• Your assignment
Below are records. Copy every line with "lesssim" in it.

★ ★ ★ ★ ★ ★ ★

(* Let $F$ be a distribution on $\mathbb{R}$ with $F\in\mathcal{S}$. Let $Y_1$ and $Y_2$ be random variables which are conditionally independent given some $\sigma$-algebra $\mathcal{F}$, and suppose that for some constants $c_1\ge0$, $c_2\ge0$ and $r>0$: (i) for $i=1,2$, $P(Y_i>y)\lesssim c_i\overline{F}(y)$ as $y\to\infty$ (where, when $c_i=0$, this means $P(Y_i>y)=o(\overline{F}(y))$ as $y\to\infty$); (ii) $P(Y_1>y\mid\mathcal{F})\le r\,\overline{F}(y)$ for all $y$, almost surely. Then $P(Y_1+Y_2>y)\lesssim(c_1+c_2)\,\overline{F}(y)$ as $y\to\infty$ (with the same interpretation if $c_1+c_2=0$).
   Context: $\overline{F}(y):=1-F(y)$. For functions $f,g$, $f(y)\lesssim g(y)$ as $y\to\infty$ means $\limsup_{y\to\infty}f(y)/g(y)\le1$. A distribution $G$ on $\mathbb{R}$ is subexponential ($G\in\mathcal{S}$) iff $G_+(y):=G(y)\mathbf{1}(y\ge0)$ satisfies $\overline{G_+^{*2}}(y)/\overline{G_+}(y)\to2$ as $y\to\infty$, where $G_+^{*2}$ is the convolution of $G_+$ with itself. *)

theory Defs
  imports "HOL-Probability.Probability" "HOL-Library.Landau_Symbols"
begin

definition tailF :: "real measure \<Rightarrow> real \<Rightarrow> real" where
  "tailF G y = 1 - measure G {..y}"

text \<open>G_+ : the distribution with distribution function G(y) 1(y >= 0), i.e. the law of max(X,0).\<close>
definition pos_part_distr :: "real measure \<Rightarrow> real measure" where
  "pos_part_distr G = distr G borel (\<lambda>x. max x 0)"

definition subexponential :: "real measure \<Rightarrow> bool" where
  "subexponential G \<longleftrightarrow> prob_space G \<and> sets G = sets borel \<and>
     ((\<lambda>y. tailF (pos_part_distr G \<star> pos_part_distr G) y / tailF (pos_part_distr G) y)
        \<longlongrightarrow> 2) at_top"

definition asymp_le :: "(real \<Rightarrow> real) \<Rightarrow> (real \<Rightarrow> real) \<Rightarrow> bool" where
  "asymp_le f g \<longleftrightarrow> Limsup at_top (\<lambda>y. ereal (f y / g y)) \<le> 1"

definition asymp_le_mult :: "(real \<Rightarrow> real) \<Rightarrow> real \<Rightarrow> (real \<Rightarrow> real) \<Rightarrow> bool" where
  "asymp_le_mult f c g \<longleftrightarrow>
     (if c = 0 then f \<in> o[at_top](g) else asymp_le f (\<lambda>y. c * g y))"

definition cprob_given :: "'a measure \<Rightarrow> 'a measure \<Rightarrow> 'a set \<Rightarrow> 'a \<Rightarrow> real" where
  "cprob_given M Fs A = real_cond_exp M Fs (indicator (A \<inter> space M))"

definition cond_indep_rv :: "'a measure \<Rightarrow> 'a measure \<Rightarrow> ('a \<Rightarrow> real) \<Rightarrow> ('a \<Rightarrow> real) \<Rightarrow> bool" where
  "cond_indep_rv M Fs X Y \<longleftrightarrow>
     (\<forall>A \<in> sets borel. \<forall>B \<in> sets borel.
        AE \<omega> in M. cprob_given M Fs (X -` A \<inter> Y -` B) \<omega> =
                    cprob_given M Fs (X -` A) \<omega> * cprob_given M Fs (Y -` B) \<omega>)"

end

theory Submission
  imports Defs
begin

★ ★ ★ ★ ★ ★ ★

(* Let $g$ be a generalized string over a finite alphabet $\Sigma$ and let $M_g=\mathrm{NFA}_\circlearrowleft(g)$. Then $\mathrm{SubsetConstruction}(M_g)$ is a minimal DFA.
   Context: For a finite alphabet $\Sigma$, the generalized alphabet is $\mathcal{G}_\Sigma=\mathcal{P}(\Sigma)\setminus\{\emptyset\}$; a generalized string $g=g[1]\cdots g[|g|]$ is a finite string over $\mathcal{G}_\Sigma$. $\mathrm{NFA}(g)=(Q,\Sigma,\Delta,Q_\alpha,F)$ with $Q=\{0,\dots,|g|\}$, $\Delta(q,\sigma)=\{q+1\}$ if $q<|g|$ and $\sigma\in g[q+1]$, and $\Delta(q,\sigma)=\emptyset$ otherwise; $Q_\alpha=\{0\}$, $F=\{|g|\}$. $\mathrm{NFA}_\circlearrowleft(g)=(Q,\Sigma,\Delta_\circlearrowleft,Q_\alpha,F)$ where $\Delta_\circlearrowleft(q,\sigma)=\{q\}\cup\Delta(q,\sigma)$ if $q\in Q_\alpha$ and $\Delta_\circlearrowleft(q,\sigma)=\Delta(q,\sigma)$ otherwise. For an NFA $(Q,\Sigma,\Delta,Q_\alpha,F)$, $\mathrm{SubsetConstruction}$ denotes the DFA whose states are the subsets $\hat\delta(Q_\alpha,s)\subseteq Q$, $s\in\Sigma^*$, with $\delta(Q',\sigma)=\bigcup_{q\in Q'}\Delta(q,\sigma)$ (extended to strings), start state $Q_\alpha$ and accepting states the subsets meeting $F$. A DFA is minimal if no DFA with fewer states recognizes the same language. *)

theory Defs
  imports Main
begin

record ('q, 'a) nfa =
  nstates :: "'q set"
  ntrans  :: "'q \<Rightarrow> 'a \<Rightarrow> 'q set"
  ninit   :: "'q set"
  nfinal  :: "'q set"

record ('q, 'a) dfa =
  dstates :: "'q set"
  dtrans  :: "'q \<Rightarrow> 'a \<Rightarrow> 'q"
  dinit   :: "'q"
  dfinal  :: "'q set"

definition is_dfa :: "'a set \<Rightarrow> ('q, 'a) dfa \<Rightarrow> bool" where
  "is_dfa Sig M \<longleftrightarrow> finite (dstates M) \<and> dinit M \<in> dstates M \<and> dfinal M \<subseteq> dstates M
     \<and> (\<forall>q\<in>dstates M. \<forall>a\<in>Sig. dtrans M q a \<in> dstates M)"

★ ★ ★ ★ ★ ★ ★

• Answer box
(* Let $F$ be a distribution on $\mathbb{R}$ with $F\in\mathcal{S}$. Let $Y_1$ and $Y_2$ be random variables which are conditionally independent given some $\sigma$-algebra $\mathcal{F}$, and suppose that for some constants $c_1\ge0$, $c_2\ge0$ and $r>0$: (i) for $i=1,2$, $P(Y_i>y)\lesssim c_i\overline{F}(y)$ as $y\to\infty$ (where, when $c_i=0$, this means $P(Y_i>y)=o(\overline{F}(y))$ as $y\to\infty$); (ii) $P(Y_1>y\mid\mathcal{F})\le r\,\overline{F}(y)$ for all $y$, almost surely. Then $P(Y_1+Y_2>y)\lesssim(c_1+c_2)\,\overline{F}(y)$ as $y\to\infty$ (with the same interpretation if $c_1+c_2=0$).
   Context: $\overline{F}(y):=1-F(y)$. For functions $f,g$, $f(y)\lesssim g(y)$ as $y\to\infty$ means $\limsup_{y\to\infty}f(y)/g(y)\le1$. A distribution $G$ on $\mathbb{R}$ is subexponential ($G\in\mathcal{S}$) iff $G_+(y):=G(y)\mathbf{1}(y\ge0)$ satisfies $\overline{G_+^{*2}}(y)/\overline{G_+}(y)\to2$ as $y\to\infty$, where $G_+^{*2}$ is the convolution of $G_+$ with itself. *)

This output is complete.